On Tish B'av people played berelakh. [Tr. note: This word literally means little bears, but is also the diminutive for the name Berl. To my knowledge it is a game that included the phrase Berele, Berele, kum aroys!] A fascination for soccer developed. There was a children's teacher, and also a teacher for even younger children, and the kheyder [Tr. note: elementary school] lasted from early in the morning until late in the evening.
Activities of the Yekopo in 1917 1918
In 1918 those who had fled into Russia returned. Vilne was occupied by the Polish military.
Divenishok is mentioned among the towns that undertook to help the suffering war victims. Divenishok sent a delegate, among 83 delegates from 74 villages, to a conference in the Vilne region.

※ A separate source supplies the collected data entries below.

(* There exist constants $c>0$ and $N_0$ such that for every $N\ge N_0$ that is a power of two there exists an interval graph $G=(V,E)$ with $|V|=N$ nodes satisfying the following. When the nodes are labeled $v_0,\dots,v_{N-1}$ in increasing order of the left endpoints of their intervals, the minimal $\pi$-OBDD representing $\chi_E$ has at least $c\,N\log N$ nodes, where $\pi$ is the $2$-interleaved variable order with decreasing significance.
   Context: An interval graph on $N$ nodes is given by intervals $[a_i,b_i]$ with $a_i<b_i$, $0\le i\le N-1$; two distinct nodes are adjacent iff their intervals intersect. Without loss of generality all $2N$ endpoints are distinct, so the left endpoints determine a unique labeling $v_0,\dots,v_{N-1}$ with $a_0<a_1<\dots<a_{N-1}$. Let $n=\lceil\log_2 N\rceil$. For $x=(x_0,\dots,x_{n-1})\in\{0,1\}^n$ put $|x|=\sum_{i=0}^{n-1}x_i2^i$. The characteristic function $\chi_E:\{0,1\}^{2n}\to\{0,1\}$ is defined by $\chi_E(x,y)=1$ iff $|x|,|y|<N$ and $\{v_{|x|},v_{|y|}\}\in E$. A $\pi$-OBDD for a variable order $\pi$ (a linear order of the input variables) is a directed acyclic rooted graph with two sinks labeled $0$ and $1$. Every inner node is labeled by a variable and has two outgoing edges labeled $0$ and $1$, and along every edge the variables respect $\pi$. An assignment determines a path from the root by following, at each node labeled $x_i$, the edge labeled by the value of $x_i$. The OBDD represents $f$ if this path always ends in the sink labeled $f(\text{assignment})$. The size of an OBDD is its number of nodes. The $2$-interleaved variable order with decreasing significance on $x,y\in\{0,1\}^n$ is $(x_{n-1},y_{n-1},x_{n-2},y_{n-2},\dots,x_0,y_0)$. *)

theory Defs
  imports Main "HOL-Library.Log_Nat" Complex_Main
begin

definition interval_rep :: "nat \<Rightarrow> (nat \<Rightarrow> real) \<Rightarrow> (nat \<Rightarrow> real) \<Rightarrow> bool" where
  "interval_rep N a b \<longleftrightarrow>
     (\<forall>i<N. a i < b i) \<and>
     (\<forall>i<N. \<forall>j<N. a i \<noteq> b j) \<and>
     (\<forall>i<N. \<forall>j<N. i \<noteq> j \<longrightarrow> a i \<noteq> a j \<and> b i \<noteq> b j) \<and>
     (\<forall>i<N. \<forall>j<N. i < j \<longrightarrow> a i < a j)"

definition iadj :: "(nat \<Rightarrow> real) \<Rightarrow> (nat \<Rightarrow> real) \<Rightarrow> nat \<Rightarrow> nat \<Rightarrow> bool" where
  "iadj a b i j \<longleftrightarrow> i \<noteq> j \<and> max (a i) (a j) \<le> min (b i) (b j)"

datatype var = X nat | Y nat

definition clog :: "nat \<Rightarrow> nat" where
  "clog N = nat \<lceil>log 2 (real N)\<rceil>"

definition bitval :: "nat \<Rightarrow> (nat \<Rightarrow> bool) \<Rightarrow> nat" where
  "bitval n x = (\<Sum>i<n. if x i then 2 ^ i else 0)"

definition chiE :: "nat \<Rightarrow> (nat \<Rightarrow> real) \<Rightarrow> (nat \<Rightarrow> real) \<Rightarrow> (var \<Rightarrow> bool) \<Rightarrow> bool" where
  "chiE N a b asg =
     (let n = clog N; i = bitval n (\<lambda>k. asg (X k)); j = bitval n (\<lambda>k. asg (Y k))
      in i < N \<and> j < N \<and> iadj a b i j)"

definition interleaved_order :: "nat \<Rightarrow> var list" where
  "interleaved_order n = concat (map (\<lambda>i. [X i, Y i]) (rev [0..<n]))"

datatype 'v node = Sink bool | Inner 'v nat nat  \<comment> \<open>variable, 0-successor, 1-successor\<close>

record 'v obdd =
  nodes :: "nat set"
  root :: nat
  lab :: "nat \<Rightarrow> 'v node"

definition before :: "'v list \<Rightarrow> 'v \<Rightarrow> 'v \<Rightarrow> bool" where
  "before \<pi> x y \<longleftrightarrow> (\<exists>i j. i < j \<and> j < length \<pi> \<and> \<pi> ! i = x \<and> \<pi> ! j = y)"

definition edge_ok :: "'v list \<Rightarrow> 'v obdd \<Rightarrow> 'v \<Rightarrow> nat \<Rightarrow> bool" where
  "edge_ok \<pi> B x w \<longleftrightarrow> w \<in> nodes B \<and>
     (case lab B w of Sink _ \<Rightarrow> True | Inner y _ _ \<Rightarrow> before \<pi> x y)"

definition is_obdd :: "'v list \<Rightarrow> 'v obdd \<Rightarrow> bool" where
  "is_obdd \<pi> B \<longleftrightarrow>
     finite (nodes B) \<and> root B \<in> nodes B \<and>
     (\<exists>s0 s1. {v \<in> nodes B. \<exists>c. lab B v = Sink c} = {s0, s1} \<and>
              lab B s0 = Sink False \<and> lab B s1 = Sink True) \<and>
     (\<forall>v \<in> nodes B. case lab B v of
         Sink _ \<Rightarrow> True
       | Inner x l h \<Rightarrow> x \<in> set \<pi> \<and> edge_ok \<pi> B x l \<and> edge_ok \<pi> B x h)"

inductive ends_in :: "'v obdd \<Rightarrow> ('v \<Rightarrow> bool) \<Rightarrow> nat \<Rightarrow> bool \<Rightarrow> bool" for B asg where
  sink: "lab B v = Sink c \<Longrightarrow> ends_in B asg v c"
| inner: "lab B v = Inner x l h \<Longrightarrow> ends_in B asg (if asg x then h else l) c \<Longrightarrow> ends_in B asg v c"

definition represents :: "'v obdd \<Rightarrow> (('v \<Rightarrow> bool) \<Rightarrow> bool) \<Rightarrow> bool" where
  "represents B f \<longleftrightarrow> (\<forall>asg. ends_in B asg (root B) (f asg))"

end

theory Submission
  imports Defs
begin

text \<open>Vertex \<open>u\<close> gets the interval \<open>[u, r(u) + \<epsilon>\<^sub>u]\<close> with \<open>r(u) \<ge> u\<close> integral, so for \<open>u < v\<close> the
  vertices are adjacent iff \<open>v \<le> r(u)\<close>. For \<open>u\<close> in the left half, \<open>r(u)\<close> lies in the right half and stores
  \<open>u div 4\<close> in its middle bits and, in its low bits, one of three chunks of the high part of \<open>u\<close>,
  selected by \<open>u mod 4\<close>. Fix \<open>m\<close> with \<open>n/4 < m \<le> n/2\<close>. After the OBDD has read the top \<open>n - m\<close> bits of
  \<open>x\<close> and \<open>y\<close>, there are \<open>2 ^ (n - 3)\<close> prefix pairs leaving pairwise distinct subfunctions, all of which
  still depend on the next bit of \<open>x\<close>: the three chunks recover the prefix of \<open>x\<close>, and \<open>u div 4\<close>
  fixes the prefix of \<open>y\<close> for which the comparison \<open>v \<le> r(u)\<close> is decided in the low bits. Hence each
  of these \<open>n/4\<close> bit positions is tested by at least \<open>2 ^ (n - 3)\<close> nodes, and the OBDD has
  \<open>\<Omega>(N log N)\<close> nodes.\<close>

lemma interleaved_order_Suc: "interleaved_order (Suc n) = X n # Y n # interleaved_order n"
  by (simp add: interleaved_order_def)

lemma length_interleaved_order: "length (interleaved_order n) = 2 * n"
  by (induct n) (simp_all add: interleaved_order_Suc interleaved_order_def)

lemma nth_interleaved_order:
  "i < 2 * n \<Longrightarrow> interleaved_order n ! i = (if even i then X (n - 1 - i div 2) else Y (n - 1 - i div 2))"
proof (induct n arbitrary: i)
  case 0
  then show ?case by simp
next
  case (Suc n)
  show ?case
  proof (cases i)
    case (Suc i1)
    show ?thesis
    proof (cases i1)
      case (Suc i2)
      then have "i2 < 2 * n" using Suc.prems \<open>i = Suc i1\<close> by simp
      then show ?thesis using Suc.hyps \<open>i = Suc i1\<close> Suc by (auto simp add: interleaved_order_Suc)
    qed (use Suc in \<open>simp add: interleaved_order_Suc\<close>)
  qed (simp add: interleaved_order_Suc)
qed

lemma set_interleaved_order: "z \<in> set (interleaved_order n) \<longleftrightarrow> (\<exists>j<n. z = X j \<or> z = Y j)"
  by (induct n) (auto simp: interleaved_order_Suc interleaved_order_def)

definition var_rank :: "nat \<Rightarrow> var \<Rightarrow> nat" where
  "var_rank n z = (case z of X j \<Rightarrow> 2 * (n - 1 - j) | Y j \<Rightarrow> 2 * (n - 1 - j) + 1)"

lemma var_rank_nth_interleaved_order: "i < 2 * n \<Longrightarrow> var_rank n (interleaved_order n ! i) = i"
  by (auto simp: nth_interleaved_order var_rank_def)

lemma var_rank_less: "z \<in> set (interleaved_order n) \<Longrightarrow> var_rank n z < 2 * n"
  by (auto simp: set_interleaved_order var_rank_def)

lemma var_rank_div2_eq:
  "z \<in> set (interleaved_order n) \<Longrightarrow> j < n \<Longrightarrow> var_rank n z div 2 = n - 1 - j \<Longrightarrow> z = X j \<or> z = Y j"
  by (auto simp: set_interleaved_order var_rank_def)

lemma before_interleaved_order_rank_less:
  "before (interleaved_order n) x y \<Longrightarrow> var_rank n x < var_rank n y"
  unfolding before_def
  using var_rank_nth_interleaved_order length_interleaved_order by (metis order.strict_trans)

definition node_level :: "nat \<Rightarrow> var obdd \<Rightarrow> nat \<Rightarrow> nat" where
  "node_level n B v = (case lab B v of Sink _ \<Rightarrow> 2 * n | Inner x _ _ \<Rightarrow> var_rank n x)"

definition bit_layer :: "var obdd \<Rightarrow> nat \<Rightarrow> nat set" where
  "bit_layer B j = {w \<in> nodes B. \<exists>l h. lab B w = Inner (X j) l h \<or> lab B w = Inner (Y j) l h}"

lemma obdd_successors:
  assumes "is_obdd (interleaved_order n) B" "v \<in> nodes B" "lab B v = Inner x l h"
  shows "l \<in> nodes B" "h \<in> nodes B" "node_level n B v < node_level n B l"
    "node_level n B v < node_level n B h" "node_level n B v = var_rank n x"
    "x \<in> set (interleaved_order n)"
proof -
  have x: "x \<in> set (interleaved_order n)" and el: "edge_ok (interleaved_order n) B x l"
    and eh: "edge_ok (interleaved_order n) B x h"
    using assms unfolding is_obdd_def by (metis (no_types, lifting) node.simps(6))+
  have lv: "node_level n B v = var_rank n x" using assms(3) by (simp add: node_level_def)
  have succ: "w \<in> nodes B \<and> var_rank n x < node_level n B w" if "edge_ok (interleaved_order n) B x w" for w
  proof (cases "lab B w")
    case Sink
    then show ?thesis using that var_rank_less[OF x] by (simp add: edge_ok_def node_level_def)
  next
    case Inner
    then show ?thesis
      using that before_interleaved_order_rank_less by (simp add: edge_ok_def node_level_def)
  qed
  show "l \<in> nodes B" "h \<in> nodes B" "node_level n B v < node_level n B l"
    "node_level n B v < node_level n B h" "node_level n B v = var_rank n x"
    "x \<in> set (interleaved_order n)"
    using succ[OF el] succ[OF eh] lv x by simp_all
qed
(* Let $n\ge3$. Let $g(x)=g(|x|)$ with $g\in C_0^2([0,\infty))$, $\operatorname{supp}g\subset\{|x|\le k\}$ for some $k>0$, and suppose there is $k_0$ with $0<k_0<k$ such that $g(|x|)>0$ for $k_0<|x|<k$. Let $V(x,t)=\frac{t}{\omega_n}\int_{|\omega|=1}g(x+t\omega)\,dS_\omega$, which is radial in $x$; write $V(r,t)$ with $r=|x|$. Set $k_1=\frac{k+k_0}{2}$ and $k_2=k-k_0$. Then there exists a constant $C_{n,g,k}>0$ such that \[ V(r,t)\ge\frac{C_{n,g,k}}{r^{n-2}}\qquad\text{for } t+k_0<r<t+k_1,\ t\ge k_2 . \]
   Context: $\omega_n=2\pi^{n/2}/\Gamma(n/2)$ is the measure of the unit sphere in $\mathbb{R}^n$. *)

theory Defs
  imports "HOL-Analysis.Analysis"
begin

definition sphere_measure :: "nat \<Rightarrow> real" where
  "sphere_measure n = 2 * pi powr (real n / 2) / Gamma (real n / 2)"

text \<open>Integral of f over the unit sphere S^(n-1) in R^n with respect to surface measure,
  expressed via the cone (polar coordinates) construction of the surface measure:
  the surface measure of A is n times the Lebesgue volume of the cone
  {r w : 0 < r <= 1, w in A}.\<close>
definition sphere_integral :: "(real ^ 'n \<Rightarrow> real) \<Rightarrow> real" where
  "sphere_integral f =
     real CARD('n) * (LINT y : ball 0 1 | lborel. f (y /\<^sub>R norm y))"

definition C2_on_nonneg :: "(real \<Rightarrow> real) \<Rightarrow> bool" where
  "C2_on_nonneg g \<longleftrightarrow> (\<exists>g1 g2.
      (\<forall>s\<ge>0. (g has_real_derivative g1 s) (at s within {0..})) \<and>
      (\<forall>s\<ge>0. (g1 has_real_derivative g2 s) (at s within {0..})) \<and>
      continuous_on {0..} g2)"

definition Vfun :: "(real \<Rightarrow> real) \<Rightarrow> real ^ 'n \<Rightarrow> real \<Rightarrow> real" where
  "Vfun g x t = t / sphere_measure CARD('n) *
      sphere_integral (\<lambda>w::real ^ 'n. g (norm (x + t *\<^sub>R w)))"

end

theory Submission
  imports Defs
begin

text \<open>Put \<open>r = |x|\<close> and \<open>e = -x/r\<close>. For a unit vector \<open>u\<close>,
  \<open>|x + t u|\<^sup>2 = (r - t)\<^sup>2 + 2 t r (1 - u\<cdot>e)\<close>, and in the region considered \<open>k\<^sub>0 < r - t < k\<^sub>1\<close>
  while \<open>t/r \<ge> k\<^sub>2/(k\<^sub>2 + k\<^sub>1)\<close>. Hence for the directions with \<open>1 - u\<cdot>e\<close> of order \<open>1/r\<^sup>2\<close> the
  distance \<open>|x + t u|\<close> stays in a fixed compact subinterval of \<open>(k\<^sub>0, k)\<close>, where \<open>g \<ge> m > 0\<close>;
  on the rest of the sphere the integrand is nonnegative. These directions have surface measure
  of order \<open>r^(1-n)\<close>, so \<open>V \<ge> c (t/r) r^(2-n)\<close>. Instead of computing the measure of a cap, the
  set is realised in the cone picture of the surface measure as \<open>N \<approx> r\<close> disjoint balls of
  radius \<open>\<rho> = \<delta>/N\<close> strung along \<open>e\<close>; they are shifted off the axis by \<open>2\<rho>\<close> so that
  \<open>1 - u\<cdot>e \<ge> \<rho>\<^sup>2/2\<close>, which keeps \<open>|x + t u|\<close> away from \<open>k\<^sub>0\<close> even when \<open>r - t\<close> is close to \<open>k\<^sub>0\<close>.\<close>

lemma one_minus_div_sqrt_bounds:
  fixes z P :: real
  assumes "1/2 < z" "z < 3/4" "0 < P" "z\<^sup>2 + P < 1"
  shows "P / 2 \<le> 1 - z / sqrt (z\<^sup>2 + P)" and "1 - z / sqrt (z\<^sup>2 + P) \<le> 2 * P"
proof -
  define N where "N = sqrt (z\<^sup>2 + P)"
  have "sqrt (z\<^sup>2) < N" unfolding N_def using assms by (intro real_sqrt_less_mono) auto
  then have Nz: "z < N" using assms by simp
  have N1: "N < 1" unfolding N_def using assms by simp
  have Npos: "0 < N" using Nz assms by linarith
  have "(N - z) * (N + z) = P"
    unfolding N_def using assms by (simp add: algebra_simps power2_eq_square)
  then have diff: "N - z = P / (N + z)" using Npos Nz assms by (simp add: eq_divide_eq)
  have "1 - z / N = (N - z) / N" using Npos by (simp add: diff_divide_distrib)
  also have "\<dots> = P / (N * (N + z))" unfolding diff by (simp add: mult.commute)
  finally have eq: "1 - z / N = P / (N * (N + z))" .
  have "N * (N + z) \<le> N + z" using mult_right_mono[of N 1 "N + z"] N1 Nz Npos assms by simp
  then have "N * (N + z) \<le> 2" using N1 assms by linarith
  moreover have "1/2 * 1 \<le> N * (N + z)" using Nz assms by (intro mult_mono) auto
  ultimately have D: "1/2 \<le> N * (N + z)" "N * (N + z) \<le> 2" by simp_all
  have "P / 2 \<le> P / (N * (N + z))" by (rule divide_left_mono) (use D assms in auto)
  then show "P / 2 \<le> 1 - z / N" unfolding eq .
  have "P / (N * (N + z)) \<le> P / (1/2)" by (rule divide_left_mono) (use D assms in auto)
  then show "1 - z / N \<le> 2 * P" unfolding eq by simp
qed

The help was expressed in the creation of cooperatives, orphanages, schools, hospitals, aid committees on the community councils, help from ORT [Tr. note: The name ORT is an acronym for the Russian words Obshestvo Remeslenofo zemledelcheskofo Truda, meaning the Society for Trades and Agricultural Labour, founded in 1880 in Tsarist Russia], and from OZE [Tr. note: An organization devoted to the promotion of health, hygiene, and childcare among Jews. Founded on August 7, 1912 in Saint Petersburg as the Society for the Protection of the Health of the Jewish Population, (Obshchestvo okhraneniia Zdorov'ia Evreiskogo naseleniia; and later, Obschestvo Zdravookhraneniia Evreev]. The representative from the Joint [Tr. note: This refers to the American Jewish Joint Distribution Committee, Inc. (JDC), a non-political humanitarian aid organization headquartered in New York that is an overseas arm of the North American Jewish community. Committed to the rescue of Jews in danger, relief of those in distress, renewal of Jewish community life, and support of Israel] was Isadore Hirshfeld.
The delegate from Divenishok to the first regional conference of Yekopo in Vilne in 1919 was Ira-Leyb Rogal. The second regional conference was in Vilne, the 5th, 6th and 7th of December 1921. The delegate from Divenishok was the Rov Yisroel Movshovitsh. The Rov was also the delegate to the third regional conference, the 9th and 10th of March, 1924.